Раздался звон стекла, забрякали осколки, крик осекся, Борисенкова метнулась назад. Голос у Поли сорвался, она захрипела что-то невнятное, потом и хрип прекратился, стало слышно, как она всхлипывает. Через несколько минут все стихло. Вышла Борисенкова, тяжело опустилась на стул.
— Плохо, Дмитрий Павлович. У нее воспаление легких, но это полбеды, вылечим. Жить она не хочет… понимаете?
Карпов повернулся, чтобы уйти. Глаза у Борисенковой закрывались. Директора в коридоре уже не было. Кузьма все еще стоял, обжимая руками свой стакан.
— Дмитрий Павлович, да как же так, а? Да что же это?
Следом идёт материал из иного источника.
lemma nat_floor_approx:
  assumes "0 \<le> x" "0 < r"
  shows "\<bar>x - real (nat \<lfloor>x * r\<rfloor>) / r\<bar> < 1 / r"
proof -
  define a where "a = real (nat \<lfloor>x * r\<rfloor>)"
  have "a = of_int \<lfloor>x * r\<rfloor>" using assms by (simp add: a_def)
  then have "\<bar>x * r - a\<bar> < 1" by linarith
  moreover have "x - a / r = (x * r - a) / r" using assms(2) by (simp add: field_simps)
  ultimately show ?thesis
    using assms(2) by (simp add: a_def[symmetric] divide_strict_right_mono)
qed

definition window_walk :: "real \<Rightarrow> nat \<Rightarrow> (nat \<Rightarrow> real) \<Rightarrow> (nat \<Rightarrow> real) \<Rightarrow> bool" where
  "window_walk h N P Q \<longleftrightarrow>
     (\<forall>j. 0 \<le> P j \<and> P j < Q j \<and> Q j \<le> 1) \<and>
     (\<forall>j. j = 0 \<or> N \<le> j \<longrightarrow> P j = 0 \<and> Q j = 1) \<and>
     (\<forall>j. \<bar>P (Suc j) - P j\<bar> \<le> h \<and> \<bar>Q (Suc j) - Q j\<bar> \<le> h) \<and>
     (\<forall>x y. 0 \<le> x \<and> x < y \<and> y \<le> 1 \<longrightarrow> (\<exists>j<N. \<bar>x - P j\<bar> < h \<and> \<bar>y - Q j\<bar> < h))"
Что случилось?
Кузьма растерянно переводил взгляд со стакана на Карпова и ждал ответа.
— Как? А вот так! — со злостью, сквозь зубы, процедил Карпов, саданул в дверь плечом и выбежал на крыльцо.
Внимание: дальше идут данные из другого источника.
lemma component_in_connected:
  assumes "simple_graph V E" "connected_graph V E" "y \<in> V"
  shows "component_in E V y = V"
proof -
  have "z = y \<or> linked_via E V y z" if "(y, z) \<in> (adj_rel E)\<^sup>*" for z
    using that
  proof (induction rule: rtrancl_induct)
    case (step z z')
    then have "{z, z'} \<in> E" by (simp add: adj_rel_def)
    moreover have "z \<in> V"
      using \<open>{z, z'} \<in> E\<close> assms(1) by (auto simp: simple_graph_def doubleton_eq_iff)
    ultimately show ?case using step.IH by (auto intro: linked_via.intros)
  qed simp
  then show ?thesis
    using assms(2,3) by (auto simp: component_in_def connected_graph_def)
qed

lemma split_two_thirds:
  fixes w :: "'b \<Rightarrow> nat"
  assumes "finite F" "\<forall>K\<in>F. 3 * w K < n" "3 * r \<le> 2 * n" "r + sum w F \<le> n"
  shows "\<exists>G\<subseteq>F. 3 * (r + sum w G) \<le> 2 * n \<and> 3 * sum w (F - G) \<le> 2 * n"
  using assms
proof (induction F rule: finite_induct)
  case (insert K F)
  then obtain G where G: "G \<subseteq> F" "3 * (r + sum w G) \<le> 2 * n" "3 * sum w (F - G) \<le> 2 * n"
    by auto
  have "finite G" using G(1) insert.hyps(1) by (rule finite_subset)
  have "K \<notin> G" using G(1) insert.hyps(2) by auto
  have sum_F: "sum w F = sum w (F - G) + sum w G"
    using G(1) insert.hyps(1) by (rule sum.subset_diff)
  have sum_rest: "sum w (insert K F - G) = w K + sum w (F - G)"
    using \<open>K \<notin> G\<close> insert.hyps by (simp add: insert_Diff_if)
  show ?case
  proof (cases "3 * (r + sum w G + w K) \<le> 2 * n")
    case True
    moreover have "insert K F - insert K G = F - G" using insert.hyps(2) by auto
    ultimately show ?thesis
      using G \<open>finite G\<close> \<open>K \<notin> G\<close> by (intro exI[of _ "insert K G"]) (auto simp: add.commute)
  next
    case False
    have "3 * sum w (insert K F - G) \<le> 2 * n"
      using False insert.prems sum_F sum_rest insert.hyps by simp
    then show ?thesis using G by blast
  qed
qed simp

lemma balanced_separator_by_blocks:
  assumes "finite V" "Q \<subseteq> V" "V - Q = R \<union> \<Union>F" "disjnt R (\<Union>F)" "pairwise disjnt F"
    and "\<forall>K\<in>F. 3 * card K < card V" "3 * card R \<le> 2 * card V"
    and "\<forall>K\<in>F. \<forall>x\<in>K. \<forall>r\<in>R. {x, r} \<notin> E"
    and "\<forall>K\<in>F. \<forall>K'\<in>F. K \<noteq> K' \<longrightarrow> (\<forall>x\<in>K. \<forall>x'\<in>K'. {x, x'} \<notin> E)"
  shows "balanced_separator V E Q"
proof -
  have "\<Union>F \<subseteq> V" "R \<subseteq> V" using assms(3) by auto
  then have "finite R" "finite (\<Union>F)"
    using assms(1) by (auto intro: finite_subset)
  then have fin: "finite R" "finite (\<Union>F)" "finite F" "\<forall>K\<in>F. finite K"
    by (auto intro: finite_UnionD rev_finite_subset)
  have card_blocks: "card (\<Union>G) = sum card G" if "G \<subseteq> F" for G
    using that assms(5) fin(4) by (intro card_Union_disjoint) (auto intro: pairwise_subset)
  have "card R + card (\<Union>F) \<le> card V"
    using assms(1,3,4) fin card_Un_disjoint[of R "\<Union>F"]
    by (metis Diff_subset card_mono disjnt_def)
  then obtain G where G: "G \<subseteq> F" "3 * (card R + sum card G) \<le> 2 * card V"
      "3 * sum card (F - G) \<le> 2 * card V"
    using split_two_thirds[OF fin(3) assms(6,7)] card_blocks[of F] by auto
  define A where "A = R \<union> \<Union>G"
  define B where "B = \<Union>(F - G)"
  have disjoint_parts: "disjnt K K'" if "K \<in> G" "K' \<in> F - G" for K K'
    using that G(1) assms(5) by (metis DiffD1 DiffD2 pairwiseD subsetD)
  have "A \<union> B = V - Q" using G(1) assms(3) by (auto simp: A_def B_def)
  moreover have "A \<inter> B = {}"
    using assms(4) disjoint_parts G(1) by (fastforce simp: A_def B_def disjnt_def)
  moreover have "card A = card R + sum card G"
  proof -
    have "finite (\<Union>G)" "R \<inter> \<Union>G = {}"
      using G(1) fin(2) assms(4) by (auto simp: disjnt_def intro: rev_finite_subset)
    then show ?thesis
      using fin(1) G(1) card_blocks by (simp add: A_def card_Un_disjoint)
  qed
  moreover have "card B = sum card (F - G)"
    unfolding B_def by (rule card_blocks) blast
  moreover have "\<forall>a\<in>A. \<forall>b\<in>B. {a, b} \<notin> E"
    using assms(8,9) G(1) by (fastforce simp: A_def B_def insert_commute)
  ultimately show ?thesis
    using assms(2) G unfolding balanced_separator_def by metis
qed
(* Consider the iterates of SAS-ADMM (defined in the context) and fix an outer index $k\ge 0$ with $\eta_k\in(0,1/\nu)$. Then for every $w=(x;y;\lambda)\in\Omega$, $$F(w)-F(\tilde w^k)+\langle w-\tilde w^k,\mathcal J(w)\rangle\;\ge\;(w-\tilde w^k)^\top Q_k\,(w^k-\tilde w^k)+\zeta^k(x),$$ where $$Q_k=\begin{bmatrix}\mathcal D_k&0&0\\0&L+\beta B^\top B&-\tau B^\top\\0&-B&\frac1\beta I\end{bmatrix}.$$ (The inequality holds for every realization of the random quantities.)
   Context: Setting. $\mathcal X\subset\mathbb R^{n_1}$, $\mathcal Y\subset\mathbb R^{n_2}$ are nonempty closed convex sets; $A\in\mathbb R^{n\times n_1}$, $B\in\mathbb R^{n\times n_2}$, $b\in\mathbb R^n$; $g:\mathcal Y\to\mathbb R\cup\{+\infty\}$ is proper convex; $f=\frac1N\sum_{j=1}^N f_j$, each $f_j$ real-valued, convex and continuously differentiable on an open set containing $\mathcal X$. The problem is $\min\{f(x)+g(y): x\in\mathcal X,\ y\in\mathcal Y,\ Ax+By=b\}$. A fixed symmetric positive definite $H\in\mathbb R^{n_1\times n_1}$ and a constant $\nu>0$ satisfy $\|\nabla f_j(x_1)-\nabla f_j(x_2)\|_{H^{-1}}\le \nu\|x_1-x_2\|_H$ for all $x_1,x_2\in\mathcal X$ and all $j$. For a symmetric matrix $G$, $\|v\|_G^2:=v^\top G v$ (also when $G$ is indefinite); $G_1\succeq G_2$ means $G_1-G_2$ is positive semidefinite. $\mathcal L_\beta(x,y,\lambda)=f(x)+g(y)-\lambda^\top(Ax+By-b)+\frac\beta2\|Ax+By-b\|^2$. $\Delta:=\{(\tau,s)\in\mathbb R^2:\ \tau+s>0,\ \tau\le1,\ -\tau^2-s^2-\tau s+\tau+s+1\ge0\}$. Subroutine xsub. Inputs: $x^k\in\mathcal X$, $\breve x^k$, $h\in\mathbb R^{n_1}$, an integer $m_k\ge1$, $\eta_k>0$, a symmetric matrix $M_k$. Set $x_1=x^k$, $\breve x_1=\breve x^k$. For $t=1,\dots,m_k$: draw $\xi_t$ uniformly from $\{1,\dots,N\}$, independently of everything generated before; set $\beta_t=2/(t+1)$, $\gamma_t=2/(t\eta_k)$, $\hat x_t=\beta_t\breve x_t+(1-\beta_t)x_t$, $d_t=\nabla f_{\xi_t}(\hat x_t)+e_t$ where $e_t$ is a random vector whose conditional expectation given all previously generated random quantities and $\xi_t$ is $0$; $\breve x_{t+1}=\arg\min_{x\in\mathcal X}\{\langle d_t+h,x\rangle+\frac{\gamma_t}2\|x-\breve x_t\|_H^2+\frac12\|x-x^k\|_{M_k}^2\}$; $x_{t+1}=\beta_t\breve x_{t+1}+(1-\beta_t)x_t$. Output $x^{k+1}=x_{m_k+1}$, $\breve x^{k+1}=\breve x_{m_k+1}$. Put $\delta_t=\nabla f(\hat x_t)-d_t$ (inner quantities of outer iteration $k$), and for $x\in\mathcal X$ $$\zeta^k(x)=\frac{2}{m_k(m_k+1)}\Big[\frac1{\eta_k}\big(\|x-\breve x^{k+1}\|_H^2-\|x-\breve x^k\|_H^2\big)-\sum_{t=1}^{m_k}t\langle\delta_t,\breve x_t-x\rangle-\frac{\eta_k}{4(1-\eta_k\nu)}\sum_{t=1}^{m_k}t^2\|\delta_t\|_{H^{-1}}^2\Big].$$ Algorithm SAS-ADMM. Parameters: $\beta>0$, the matrix $H$, a symmetric positive semidefinite $L\in\mathbb R^{n_2\times n_2}$, $(\tau,s)\in\Delta$. Start: $(x^0,y^0,\lambda^0)\in\mathcal X\times\mathcal Y\times\mathbb R^n$, $\breve x^0=x^0$. For $k=0,1,\dots$: choose an integer $m_k\ge1$, $\eta_k>0$, and a symmetric $M_k$ with $\mathcal D_k:=M_k-\beta A^\top A\succeq0$; set $h^k=-A^\top[\lambda^k-\beta(Ax^k+By^k-b)]$; compute $(x^{k+1},\breve x^{k+1})$ by xsub with inputs $x^k,\breve x^k,h^k,m_k,\eta_k,M_k$; $\lambda^{k+1/2}=\lambda^k-\tau\beta(Ax^{k+1}+By^k-b)$; $y^{k+1}\in\arg\min_{y\in\mathcal Y}\mathcal L_\beta(x^{k+1},y,\lambda^{k+1/2})+\frac12\|y-y^k\|_L^2$ (a minimizer is assumed to exist); $\lambda^{k+1}=\lambda^{k+1/2}-s\beta(Ax^{k+1}+By^{k+1}-b)$. Notation. $\Omega=\mathcal X\times\mathcal Y\times\mathbb R^n$; $w=(x;y;\lambda)$; $F(w)=f(x)+g(y)$; $\mathcal J(w)=(-A^\top\lambda;\,-B^\top\lambda;\,Ax+By-b)$; $w^k=(x^k;y^k;\lambda^k)$; $\tilde\lambda^k=\lambda^k-\beta(Ax^{k+1}+By^k-b)$; $\tilde w^k=(x^{k+1};y^{k+1};\tilde\lambda^k)$. *)

theory Defs
  imports "HOL-Analysis.Analysis" "HOL-Library.Extended_Real"
begin

text \<open>Quadratic form / squared G-norm: qn G v = v' G v (also for indefinite G).\<close>
definition qn :: "real^'n^'n \<Rightarrow> real^'n \<Rightarrow> real" where
  "qn G v = v \<bullet> (G *v v)"

definition sym_mat :: "real^'n^'n \<Rightarrow> bool" where
  "sym_mat G \<longleftrightarrow> transpose G = G"

definition psd_mat :: "real^'n^'n \<Rightarrow> bool" where
  "psd_mat G \<longleftrightarrow> sym_mat G \<and> (\<forall>v. 0 \<le> qn G v)"

definition pd_mat :: "real^'n^'n \<Rightarrow> bool" where
  "pd_mat G \<longleftrightarrow> sym_mat G \<and> (\<forall>v. v \<noteq> 0 \<longrightarrow> 0 < qn G v)"

definition convex_ereal_on :: "'a::real_vector set \<Rightarrow> ('a \<Rightarrow> ereal) \<Rightarrow> bool" where
  "convex_ereal_on S g \<longleftrightarrow> (\<forall>u\<in>S. \<forall>v\<in>S. \<forall>t::real. 0 \<le> t \<and> t \<le> 1 \<longrightarrow>
      g ((1 - t) *\<^sub>R u + t *\<^sub>R v) \<le> ereal (1 - t) * g u + ereal t * g v)"

definition proper_convex_on :: "'a::real_vector set \<Rightarrow> ('a \<Rightarrow> ereal) \<Rightarrow> bool" where
  "proper_convex_on S g \<longleftrightarrow> convex_ereal_on S g \<and> (\<forall>y\<in>S. g y \<noteq> -\<infinity>) \<and> (\<exists>y\<in>S. g y \<noteq> \<infinity>)"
Директор сидел в машине и курил. Они молча доехали до клуба.
Часы показывали ровно семь.
Карпов вышел на сцену и глянул в зал. Зал был набит битком.
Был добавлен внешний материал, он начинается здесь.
(* Consider the problem $\min_{x\in X}f_0(x)$ s.t. $f_i(x)\le0$, $i\in[M]$, with $X\subseteq\mathbb{R}^n$ compact convex and $f_0,\dots,f_M$ convex real-valued on $X$; let $\mathbf f=(f_1,\dots,f_M)^\top$ and $d(z)=\min_{x\in X}\{f_0(x)+z^\top\mathbf f(x)\}$ for $z\ge0$. Let $\bar x\in X$ and $\bar z\ge0$ be random vectors, and suppose there are constants $\epsilon_1,\epsilon_0$ such that for every (possibly random, possibly depending on $(\bar x,\bar z)$) $x\in X$ and $z\ge0$, $$\mathbb{E}\big[f_0(\bar x)-f_0(x)-\langle\bar z,\mathbf f(x)\rangle+\langle z,\mathbf f(\bar x)\rangle\big]\le\epsilon_1+\epsilon_0\mathbb{E}[\|z\|^2].$$ Then for any $(x^*,z^* )$ satisfying the KKT conditions (i.e. $x^*\in X$, $0\in\partial f_0(x^* )+\mathcal N_X(x^* )+\sum_iz_i^*\partial f_i(x^* )$, $f_i(x^* )\le0$, $z_i^*\ge0$, $z_i^*f_i(x^* )=0$), $$\mathbb{E}\big[|f_0(\bar x)-f_0(x^* )|\big]\le2\epsilon_1+9\epsilon_0\|z^*\|^2,$$ $$\mathbb{E}\Big[\sum_{i=1}^M[f_i(\bar x)]_+\Big]\le\epsilon_1+\epsilon_0\|\mathbf 1+z^*\|^2,$$ $$\mathbb{E}\big[d(z^* )-d(\bar z)\big]\le\frac32\big(\epsilon_1+3\epsilon_0\|z^*\|^2\big).$$
   Context: $[a]_+=\max\{a,0\}$; $\mathbf 1$ is the all-ones vector; $\mathcal N_X$ is the normal cone of $X$. *)

theory Defs
  imports "HOL-Probability.Probability"
begin

text \<open>Constraint functions are indexed by nat: f 0 is the objective, f 1, ..., f M the
  constraints. Dual vectors z in R^M are functions nat => real, only components 1..M matter.\<close>

definition subdiff :: "('a::euclidean_space \<Rightarrow> real) \<Rightarrow> 'a set \<Rightarrow> 'a \<Rightarrow> 'a set" where
  "subdiff g X x = {s. \<forall>y\<in>X. g y \<ge> g x + s \<bullet> (y - x)}"

definition normal_cone :: "'a::euclidean_space set \<Rightarrow> 'a \<Rightarrow> 'a set" where
  "normal_cone X x = {v. \<forall>y\<in>X. v \<bullet> (y - x) \<le> 0}"

definition lagr :: "(nat \<Rightarrow> 'a \<Rightarrow> real) \<Rightarrow> nat \<Rightarrow> (nat \<Rightarrow> real) \<Rightarrow> 'a \<Rightarrow> real" where
  "lagr f M z x = f 0 x + (\<Sum>i=1..M. z i * f i x)"

definition dualfun :: "'a set \<Rightarrow> (nat \<Rightarrow> 'a \<Rightarrow> real) \<Rightarrow> nat \<Rightarrow> (nat \<Rightarrow> real) \<Rightarrow> real" where
  "dualfun X f M z = (INF x\<in>X. lagr f M z x)"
Как раз в это время появился в проходе председатель райисполкома и с ним еще какие-то люди — разглядывать их не было времени, последним, согнувшись, торопливо проскочил Григорьев. «Вот кто звонил!» — успел подумать Карпов. Руки у него мелко дрожали, тогда он взялся за край полированного стола, крепко, до хруста, сжал пальцы и почувствовал, что страхи, сомнения — позади, а сам он, вырвавшись из них, спокоен и уверен.
Еще раз глянул в зал и отчеканил:
— Встать! Суд идет!
Захлопали сиденья, заперешептывались, вставая, люди, шум долго плавал, тыкаясь в стены, наконец, медленно сполз вниз, на пол.